## WHAT YOU NEED TO DO
Among the lines below, count those with "intro". Give only the number.

>>>

text \<open>On the block of zero rows and columns of S the entries of Z k are those of (Z k - S) u k
  with u k tending to zero (rank_le_monomial_block_entry_seq), hence are o(t k).\<close>

lemma bouligand_tangent_monomial_block_zero:
  fixes S :: "real^'n^'m"
  assumes mono: "monomial S" and \<Xi>: "\<Xi> \<in> bouligand_tangent {Z. rank Z \<le> rank S} S"
    and p: "\<not> nonzero_row S p" and q: "\<not> nonzero_col S q"
  shows "\<Xi>$p$q = 0"
proof -
  obtain Z t where Z: "\<forall>k. rank (Z k) \<le> rank S" "Z \<longlonglongrightarrow> S"
    and lim: "(\<lambda>k. (Z k - S) /\<^sub>R t k) \<longlonglongrightarrow> \<Xi>"
    using \<Xi> unfolding bouligand_tangent_def by blast
  obtain u where u0: "u \<longlonglongrightarrow> 0" and u: "\<forall>\<^sub>F k in sequentially. Z k $ p $ q = ((Z k - S) *v u k) $ p"
    using rank_le_monomial_block_entry_seq[OF mono Z p q] by blast
  have "S $ p $ q = 0" using p unfolding nonzero_row_def by blast
  then have "((Z k - S) /\<^sub>R t k *v u k) $ p = ((Z k - S) /\<^sub>R t k) $ p $ q"
    if "Z k $ p $ q = ((Z k - S) *v u k) $ p" for k
    using that by (simp add: scaleR_matrix_vector_assoc[symmetric] divide_inverse mult.commute)
  then have "\<forall>\<^sub>F k in sequentially.
      ((Z k - S) /\<^sub>R t k *v u k) $ p = ((Z k - S) /\<^sub>R t k) $ p $ q"
    using u by (auto elim: eventually_mono)
  moreover have "(\<lambda>k. ((Z k - S) /\<^sub>R t k *v u k) $ p) \<longlonglongrightarrow> (\<Xi> *v 0) $ p"
    by (intro tendsto_vec_nth bounded_bilinear.tendsto[OF bounded_bilinear_matrix_vector_mult]
        lim u0)
  ultimately have "(\<lambda>k. ((Z k - S) /\<^sub>R t k) $ p $ q) \<longlonglongrightarrow> 0"
    by (simp add: Lim_transform_eventually)
  moreover have "(\<lambda>k. ((Z k - S) /\<^sub>R t k) $ p $ q) \<longlonglongrightarrow> \<Xi> $ p $ q"
    by (intro tendsto_vec_nth lim)
  ultimately show ?thesis by (rule LIMSEQ_unique[symmetric])
qed

lemma inner_eq_zero_if_tangent_proj_zero:
  fixes N M :: "real^'n^'m"
  assumes "tangent_proj S N = 0"
    and "\<And>p q. \<not> nonzero_row S p \<Longrightarrow> \<not> nonzero_col S q \<Longrightarrow> M$p$q = 0"
  shows "N \<bullet> M = 0"
proof -
  have "N$p$q * M$p$q = 0" for p q
    using assms(2)[of p q] arg_cong[where f = "\<lambda>G. G $ p $ q", OF assms(1)]
    by (auto simp: tangent_proj_def split: if_splits)
  then show ?thesis unfolding inner_matrix_eq_sum by (simp add: sum.neutral)
qed

locale rank_moa_point =
  fixes f :: "real^'n^'m \<Rightarrow> real"
    and A :: "nat \<Rightarrow> real^'n^'m" and b :: "nat \<Rightarrow> real" and l r s :: nat
    and X :: "real^'n^'m" and U :: "real^'m^'m" and S :: "real^'n^'m" and V :: "real^'n^'n"
    and em :: "nat \<Rightarrow> 'm" and en :: "nat \<Rightarrow> 'n"
  assumes dims: "r < CARD('n)" "CARD('n) \<le> CARD('m)"
    and f_C1: "cont_diff f"
    and em: "bij_betw em {..<CARD('m)} UNIV" and en: "bij_betw en {..<CARD('n)} UNIV"
    and X_feas: "X \<in> feas_L l A b \<inter> rank_le r"
    and s_def: "s = rank X"
    and svd: "is_svd em en X U S V s"
begin

abbreviation coords :: "real^'n^'m \<Rightarrow> real^'n^'m" where
  "coords \<equiv> orth_rot (transpose U) (transpose V)"

lemma s_le_r: "s \<le> r"
  using X_feas s_def unfolding rank_le_def by auto

lemma orthogonal_U: "orthogonal_matrix U" and orthogonal_V: "orthogonal_matrix V"
  using svd unfolding is_svd_def by blast+

lemma X_eq: "X = orth_rot U V S"
  using svd unfolding is_svd_def orth_rot_def by blast

lemma s_le_rank_S: "s \<le> rank S"
  using s_def rank_orth_rot_le[of U V S] by (simp add: X_eq)

lemma coords_X: "coords X = S"
  unfolding X_eq by (rule orth_rot_transpose_cancel[OF orthogonal_U orthogonal_V])

lemma orth_rot_coords: "orth_rot U V (coords Y) = Y"
  by (rule orth_rot_cancel_transpose[OF orthogonal_U orthogonal_V])

lemma S_nonzero_iff: "S$p$q \<noteq> 0 \<longleftrightarrow> (\<exists>i<s. p = em i \<and> q = en i)"
proof
  assume nz: "S$p$q \<noteq> 0"
  obtain i j where ij: "i < CARD('m)" "p = em i" "j < CARD('n)" "q = en j"
    using em en unfolding bij_betw_def by (metis UNIV_I imageE lessThan_iff)
  then have "i = j" using svd nz unfolding is_svd_def by blast
  moreover have "j < s" using svd ij nz \<open>i = j\<close> unfolding is_svd_def by (meson not_le)
  ultimately show "\<exists>i<s. p = em i \<and> q = en i" using ij by blast
next
  assume "\<exists>i<s. p = em i \<and> q = en i"
  then show "S$p$q \<noteq> 0" using svd unfolding is_svd_def by fastforce
qed

lemma monomial_S: "monomial S"
proof -
  have "s \<le> CARD('n)" using s_le_r dims by linarith
  then have "inj_on em {..<s}" "inj_on en {..<s}"
    using em en dims(2) unfolding bij_betw_def by (auto intro: inj_on_subset)
  then show ?thesis unfolding monomial_def S_nonzero_iff by (auto dest: inj_onD)
qed

lemma nonzero_row_S: "nonzero_row S p \<longleftrightarrow> p \<in> em ` {..<s}"
  and nonzero_col_S: "nonzero_col S q \<longleftrightarrow> q \<in> en ` {..<s}"
  unfolding nonzero_row_def nonzero_col_def S_nonzero_iff by auto

lemma card_nonzero_row_S: "card {p. nonzero_row S p} \<le> s"
  and card_nonzero_col_S: "card {q. nonzero_col S q} \<le> s"
  unfolding nonzero_row_S nonzero_col_S
  by (metis card_image_le card_lessThan finite_lessThan Collect_mem_eq)+

lemma T_mat_eq: "T_mat em en s U V Ai = tangent_proj S (coords Ai)"
  unfolding T_mat_def tangent_proj_def orth_rot_def nonzero_row_S nonzero_col_S
  by (auto simp: vec_eq_iff)

lemma R_mat_eq: "R_mat em en s U V Ai = coords Ai ** diag_mask (nonzero_col S)"
  unfolding R_mat_def orth_rot_def matrix_mult_diag_mask nonzero_col_S by (auto simp: vec_eq_iff)

lemma grad_at_X: "(f has_derivative (\<lambda>H. grad f X \<bullet> H)) (at X)"
  using f_C1 unfolding cont_diff_def by (blast intro: grad_has_derivative)

lemma inner_A_orth_rot: "A i \<bullet> orth_rot U V Z = coords (A i) \<bullet> Z"
  by (metis inner_commute inner_orth_rot)

lemma orth_rot_feasible:
  assumes "rank Z \<le> r" "\<forall>i<l. coords (A i) \<bullet> Z = b i"
  shows "orth_rot U V Z \<in> feas_L l A b \<inter> rank_le r"
  using assms rank_orth_rot_le[of U V Z] inner_A_orth_rot
  unfolding feas_L_def rank_le_def by (auto intro: order_trans)

lemma coords_A_S: "i < l \<Longrightarrow> coords (A i) \<bullet> S = b i"
  using X_feas inner_A_orth_rot[of i S] unfolding X_eq feas_L_def by auto

lemma F_stationary_if_lagr_grad_zero:
  assumes "lagr_grad f l A y X = 0"
  shows "F_stationary f l A b r X"
  using assms X_feas unfolding F_stationary_def frechet_normal_def by (auto intro!: exI[of _ y])

lemma orth_rot_in_tangent:
  assumes "\<And>t. rank (S + t *\<^sub>R G) \<le> r"
  shows "orth_rot U V G \<in> bouligand_tangent (rank_le r) X"
proof (rule segment_in_bouligand_tangent)
  fix t :: real
  have "X + t *\<^sub>R orth_rot U V G = orth_rot U V (S + t *\<^sub>R G)"
    unfolding X_eq using linear_orth_rot[of U V] by (simp add: linear_add linear_scale)
  then show "X + t *\<^sub>R orth_rot U V G \<in> rank_le r"
    unfolding rank_le_def using rank_orth_rot_le[of U V] assms order_trans by fastforce
qed

lemma rank_S_plus_column_le:
  assumes "s < r" "\<And>i j. \<not> (nonzero_col S j \<or> j = q) \<Longrightarrow> G$i$j = 0"
  shows "rank (S + t *\<^sub>R G) \<le> r"
proof -
  have "rank (S + t *\<^sub>R G) \<le> card {j. nonzero_col S j \<or> j = q}"
    by (rule rank_le_card_nonzero_columns) (use assms(2) in \<open>auto simp: nonzero_col_def\<close>)
  also have "\<dots> \<le> r"
    using card_Collect_or_eq_le[of "nonzero_col S" q] card_nonzero_col_S assms(1) by linarith
  finally show ?thesis .
qed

<<<

## ANSWER FOR THIS EXERCISE
6